Tuesday, October 26, 2010

Shoot the Hero

I recently received a movie via Netflix that I had zero expectations from. With that in mind, forgive if I oversell this movie for more than it is, afterall it’s really easy to exceed low expectations.

Shoot The Hero is a quirky action-comedy starring Jason Mewes. Right there, you know why I watched it. Also appearing are Danny Trejo, Fred Williamson, and Katie Morgan. Not a cast one usually sees headlining a movie, but they were enjoyable none-the-less.

The plot is a little convoluted at first, especially when the point of view shifts from Mewes to The Smith Brothers. One has to wonder if the Smith Brothers are any relation to Kevin. They debate comic books, quote movies, and one of them is a little on the heavy side. Probably just a coincidence.
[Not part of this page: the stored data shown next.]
text \<open>Y is connected: a nonempty clopen set contains some copy, hence (consecutive copies
  sharing a point) every copy.\<close>

lemma connected_Y: "connected_space Y"
  unfolding connected_space_clopen_in
proof (intro allI impI)
  fix T assume T: "openin Y T \<and> closedin Y T"
  note copy = clopen_contains_copy[OF T[THEN conjunct1] T[THEN conjunct2]]
  have next_copy: "\<sigma> (k + 1, b1) \<in> T \<longleftrightarrow> \<sigma> (k, b1) \<in> T" for k
    using copy[OF b2, of k] \<sigma>_glue by simp
  show "T = {} \<or> T = topspace Y"
  proof (cases "T = {}")
    case False
    then obtain y where y: "y \<in> T" by blast
    then have "y \<in> topspace Y" using T openin_subset by blast
    then obtain k0 x0 where kx: "x0 \<in> topspace R" "y = \<sigma> (k0, x0)"
      unfolding topspace_Y by blast
    have all_copies: "\<sigma> (k, b1) \<in> T" for k
    proof (induct k rule: int_induct[where k = k0])
      case base then show ?case using copy[OF kx(1)] y kx(2) by simp
    next
      case (step1 i) then show ?case using next_copy[of i] by simp
    next
      case (step2 i) then show ?case using next_copy[of "i - 1"] by simp
    qed
    have "topspace Y \<subseteq> T"
    proof
      fix z assume "z \<in> topspace Y"
      then obtain k x where "x \<in> topspace R" "z = \<sigma> (k, x)" unfolding topspace_Y by blast
      then show "z \<in> T" using copy all_copies by simp
    qed
    then show ?thesis using T openin_subset by blast
  qed simp
qed

text \<open>Y is locally compact: \<sigma>(k,x) has the open neighbourhood where coord (k-1) avoids b1
  and coord (k+1) avoids b2, which lies in the compact union of copies k-1, k, k+1.\<close>

lemma locally_compact_Y: "locally_compact_space Y"
  unfolding locally_compact_space_def
proof
  fix y assume "y \<in> topspace Y"
  then obtain k x where kx: "x \<in> topspace R" "y = \<sigma> (k, x)" unfolding topspace_Y by blast
  define U where "U = {z \<in> topspace Y. coord (k - 1) z \<in> topspace R - {b1}}
                    \<inter> {z \<in> topspace Y. coord (k + 1) z \<in> topspace R - {b2}}"
  define K where "K = \<sigma> ` ({k - 1..k + 1} \<times> topspace R)"
  have "openin Y U"
    unfolding U_def
    by (intro openin_Int openin_continuous_map_preimage[OF continuous_map_coord] openin_R_minus_point)
  moreover have "compactin Y K"
  proof -
    have "compactin X ({k - 1..k + 1} \<times> topspace R)"
      using de_Groot finite_imp_compactin[of "{k - 1..k + 1}" "discrete_topology UNIV"]
      unfolding deGroot_continuum_def compact_space_def by (simp add: compactin_Times)
    then show ?thesis
      unfolding K_def using image_compactin quotient_imp_continuous_map[OF quotient_map_\<sigma>] by blast
  qed
  moreover have "y \<in> U"
    unfolding U_def kx(2) using \<sigma>_in_Y[OF kx(1)] coord_\<sigma>[OF kx(1)] b1_neq_b2 b1 b2
    by (simp add: collapse_def)
  moreover have "U \<subseteq> K"
  proof
    fix z assume z: "z \<in> U"
    then obtain a w where aw: "w \<in> topspace R" "z = \<sigma> (a, w)" unfolding U_def topspace_Y by blast
    have "collapse (k - 1) (a, w) \<noteq> b1" "collapse (k + 1) (a, w) \<noteq> b2"
      using z coord_\<sigma>[OF aw(1)] unfolding U_def aw(2) by auto
    then have "a \<in> {k - 1..k + 1}" unfolding collapse_def by (auto split: if_splits)
    then show "z \<in> K" unfolding K_def aw(2) using aw(1) by blast
  qed
  ultimately show "\<exists>U K. openin Y U \<and> compactin Y K \<and> y \<in> U \<and> U \<subseteq> K" by blast
qed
I’ll try to sum up the movie without spoiling the one entertaining aspect of the movie.

Nate (played by Jay) takes his overbearing girlfriend, Kate, to a jewelry store to pick out engagement rings. While they drive there, she bitches about being blindfolded and that he’d best not be taking her to another comic book movie. This relationship sounds great, right? The jewelry store is closed when they arrive, cue more snide remarks from the girlfriend. Nate begs his way into the store and they look at rings. Enter robbers. A group of masked thieves enter with guns and rob the place. The lovebirds hide behind a counter and the girl does not stop bitching. There are two disputes going on in the room and they are cut together in alternating shots. As the argument between the couple heats up and nears its end, the other dispute peaks into a violent shoot off that leaves all but two of the thieves alive. The robbery was planned by Franklin in an attempt to take down Crazy Joe (a mob boss who is apparently crazy, and named Joe) but the group he assembled were in Joe’s pocket. They turn on him. When the shoot out is over Nate and his girl try to leave. Nate encourages the guy to shoot his bitchy would-be fiancée. This ends with Nate beating the lone robber to a pulp and stealing the bag of diamonds and cash. They ride off into the sunset.

Enter The Smith Bros. Two slackers who do nothing but bicker more than Nate and his girlfriend. They end up in a mercenary training camp (led by Shaft himself). This scene seems way out of place. In fact I found myself asking what the hell these two losers have to do with anything so far. Just hold tight, it all makes some sense later on. When they escape the mercs they hitch a ride with none other than Nate and Kate, his now fiancée (on their way to Vegas to get married)

Here is where the plots intertwine in a very Tarantino-esque twist (guns, blood and death are a must here). The end of the movie is decided by a game of paper, rock, scissors. That is all I’ll say so I don’t spoil anything for those who might watch it.

While this is not a movie I would buy and rewatch, it was a very entertaining schlocky film that required little thought. If you want a popcorn movie to sit back and enjoy – rent this one. It’s worth at least one viewing.

Last Quote: The Mighty Boosh – “The Priest and the Beast”

Today’s Quote: “Let’s do our laundry.”